YOUR ASSIGNMENT -> Could you report every line from the entries that includes the word "unfolding"?

[DATA PROVIDED — start]

lemma mem_M1_iff_equal_dims:
  assumes "d 1 > 0" "d 1 = d 2"
  shows "x \<in> M1 d \<longleftrightarrow> fst x > 0 \<and> snd x = 1 / fst x"
proof
  assume x: "x \<in> M1 d"
  then have pos: "fst x > 0" "snd x > 0" and "(fst x * snd x) ^ d 1 = 1"
    using assms(2) by (auto simp: M1_def power_mult_distrib)
  then have "fst x * snd x = 1"
    using assms(1) power_eq_imp_eq_base[of "fst x * snd x" "d 1" 1] by simp
  then show "fst x > 0 \<and> snd x = 1 / fst x"
    using pos by (simp add: field_simps)
next
  assume "fst x > 0 \<and> snd x = 1 / fst x"
  then show "x \<in> M1 d"
    using assms(2) by (simp add: M1_def power_mult_distrib[symmetric])
qed

lemma global_max_M1_imp_local_max_M1:
  "global_max_M1 c d p \<Longrightarrow> local_max_M1 c d p"
  unfolding global_max_M1_def local_max_M1_def by (auto intro: exI[of _ 1])

lemma scal_has_real_derivative_along_M1:
  assumes dims: "d 1 > 0" "d 1 = d 2"
    and f: "\<And>u. u > 0 \<Longrightarrow> scal c d (u, 1/u) = f u"
    and f': "(f has_real_derivative D) (at t)"
    and \<gamma>: "\<gamma> 0 = (t, 1/t)" "\<And>u. \<gamma> u \<in> M1 d"
    and h': "((\<lambda>u. fst (\<gamma> u)) has_real_derivative h') (at 0)"
  shows "((\<lambda>u. scal c d (\<gamma> u)) has_real_derivative D * h') (at 0)"
proof -
  have "scal c d (\<gamma> u) = f (fst (\<gamma> u))" for u
    using f[of "fst (\<gamma> u)"] \<gamma>(2)[of u] mem_M1_iff_equal_dims[OF dims, of "\<gamma> u"]
    by (metis prod.collapse)
  moreover have "fst (\<gamma> 0) = t"
    using \<gamma>(1) by simp
  then have "((\<lambda>u. f (fst (\<gamma> u))) has_real_derivative D * h') (at 0)"
    using DERIV_chain2[OF _ h'] f' by simp
  ultimately show ?thesis
    by simp
qed

lemma crit_point_iff_deriv_zero:
  assumes dims: "d 1 > 0" "d 1 = d 2"
    and f: "\<And>u. u > 0 \<Longrightarrow> scal c d (u, 1/u) = f u"
    and f': "\<And>u. u > 0 \<Longrightarrow> (f has_real_derivative f' u) (at u)"
  shows "crit_point c d p \<longleftrightarrow> (\<exists>t>0. p = (t, 1/t) \<and> f' t = 0)"
proof
  assume crit: "crit_point c d p"
  define t where "t = fst p"
  have t: "t > 0" "p = (t, 1/t)"
    using crit mem_M1_iff_equal_dims[OF dims, of p] unfolding crit_point_def t_def
    by (auto simp: prod_eq_iff)
  define \<gamma> where "\<gamma> u = (t * exp u, 1 / (t * exp u))" for u
  have \<gamma>_M1: "\<gamma> u \<in> M1 d" for u
    using t mem_M1_iff_equal_dims[OF dims] by (simp add: \<gamma>_def)
  have fst_\<gamma>: "((\<lambda>u. fst (\<gamma> u)) has_real_derivative t) (at 0)"
    unfolding \<gamma>_def by (auto intro!: derivative_eq_intros)
  have "((\<lambda>u. 1 / (t * exp u)) has_real_derivative - 1 / t) (at 0)"
    using t by (auto intro!: derivative_eq_intros simp: field_simps)
  then have \<gamma>_differentiable: "\<gamma> differentiable at 0"
    using fst_\<gamma> unfolding \<gamma>_def
    by (auto intro!: differentiable_Pair simp: real_differentiable_def)
  have "((\<lambda>u. scal c d (\<gamma> u)) has_real_derivative f' t * t) (at 0)"
    using scal_has_real_derivative_along_M1[OF dims f f'[OF t(1)] _ \<gamma>_M1 fst_\<gamma>] by (simp add: \<gamma>_def)
  moreover have "((\<lambda>u. scal c d (\<gamma> u)) has_real_derivative 0) (at 0)"
    using \<gamma>_differentiable crit \<gamma>_M1 t(2) unfolding crit_point_def \<gamma>_def by auto
  ultimately have "f' t * t = 0"
    by (rule DERIV_unique)
  then show "\<exists>t>0. p = (t, 1/t) \<and> f' t = 0"
    using t by auto
next
  assume "\<exists>t>0. p = (t, 1/t) \<and> f' t = 0"
  then obtain t where t: "t > 0" "p = (t, 1/t)" "f' t = 0"
    by blast
  show "crit_point c d p"
    unfolding crit_point_def
  proof (intro conjI allI impI)
    show "p \<in> M1 d"
      using t mem_M1_iff_equal_dims[OF dims] by simp
    fix \<gamma> :: "real \<Rightarrow> real \<times> real"
    assume \<gamma>: "\<gamma> 0 = p \<and> (\<forall>u. \<gamma> u \<in> M1 d) \<and> \<gamma> differentiable at 0"
    then have "(\<lambda>u. fst (\<gamma> u)) differentiable at 0"
      by (auto intro: differentiable_compose[of fst] bounded_linear_imp_differentiable[OF bounded_linear_fst])
    then obtain h' where "((\<lambda>u. fst (\<gamma> u)) has_real_derivative h') (at 0)"
      using DERIV_deriv_iff_real_differentiable by blast
    from scal_has_real_derivative_along_M1[OF dims f f'[OF t(1)] _ _ this]
    show "((\<lambda>u. scal c d (\<gamma> u)) has_real_derivative 0) (at 0)"
      using \<gamma> t by simp
  qed
qed

locale symmetric_two_summands =
  fixes c :: "nat \<Rightarrow> nat \<Rightarrow> nat \<Rightarrow> real" and d :: "nat \<Rightarrow> nat"
  assumes d_pos: "d 1 > 0" and d_eq: "d 1 = d 2"
    and c_sym: "\<And>i j k. i \<in> {1,2} \<Longrightarrow> j \<in> {1,2} \<Longrightarrow> k \<in> {1,2} \<Longrightarrow>
                  c i j k = c j i k \<and> c i j k = c i k j"
    and c111_eq: "c 1 1 1 = c 2 2 2" and c112_eq: "c 1 1 2 = c 1 2 2" and c112_pos: "c 1 1 2 > 0"
begin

[DATA PROVIDED — finish]

YOUR SOLUTION ->
  unfolding global_max_M1_def local_max_M1_def by (auto intro: exI[of _ 1])
    using crit mem_M1_iff_equal_dims[OF dims, of p] unfolding crit_point_def t_def
    unfolding \<gamma>_def by (auto intro!: derivative_eq_intros)
    using fst_\<gamma> unfolding \<gamma>_def
    using \<gamma>_differentiable crit \<gamma>_M1 t(2) unfolding crit_point_def \<gamma>_def by auto
    unfolding crit_point_def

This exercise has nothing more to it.